Below are the records; collect from them each line containing the string "Longrightarrow".

++++ DATA SUPPLIED

lemma lin_HXA: "\<phi> \<in> HXA \<Delta> \<sigma> X A \<Longrightarrow> lin_fun sc \<phi>"
  unfolding HXA_def by (auto intro!: lin_fun_sum_listI simp: split_def lin_fun_const_mult lin_lr)

lemma lmap_HXA:
  assumes "z \<in> X"
  shows "lmap \<sigma> z \<in> HXA \<Delta> \<sigma> X A"
proof -
  have "lr z 1 h = \<sigma> h z" for h
    using sw2_counit_right[OF lin_fun_sigma_fst, of h z]
    by (simp add: conv_eq_sw2 lmap_def rmap_def sigma_one_left)
  then have "lmap \<sigma> z = (\<lambda>h. \<Sum>(c,x,a)\<leftarrow>[(1, z, 1)]. c * lr x a h)"
    by (simp add: lmap_def)
  then show ?thesis
    unfolding HXA_def using assms one_A by (intro CollectI exI[of _ "[(1, z, 1)]"]) auto
qed

lemma coactX_in_Dset:
  assumes "y \<in> X"
  shows "coact y \<in> Dset sc (HXA \<Delta> \<sigma> X A) X"
proof -
  obtain M where M: "set M \<subseteq> X \<times> X \<times> X"
    "\<And>\<phi>. lin_fun sc \<phi> \<Longrightarrow> act \<phi> y = (\<Sum>(a,b,c)\<leftarrow>M. sc (\<phi> (Sinv a * Sinv (Sinv c))) b)"
    using actX_as_sum[OF assms] by blast
  define L where "L = map (\<lambda>(a,b,c). (lmap \<sigma> (Sinv a * Sinv (Sinv c)), b)) M"
  have "Dvalid (HXA \<Delta> \<sigma> X A) X L"
    using M(1) by (auto simp: Dvalid_def L_def intro!: lmap_HXA X_mult Sinv_mem)
  moreover have "coact y = evD sc L"
    by (rule ext) (simp add: coactX_eq_actX M(2)[OF lin_fun_sigma_snd] evD_def L_def lmap_def split_def comp_def)
  ultimately show ?thesis unfolding Dset_def by blast
qed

++++++++

**TASK RESULT:**
lemma lin_HXA: "\<phi> \<in> HXA \<Delta> \<sigma> X A \<Longrightarrow> lin_fun sc \<phi>"
    "\<And>\<phi>. lin_fun sc \<phi> \<Longrightarrow> act \<phi> y = (\<Sum>(a,b,c)\<leftarrow>M. sc (\<phi> (Sinv a * Sinv (Sinv c))) b)"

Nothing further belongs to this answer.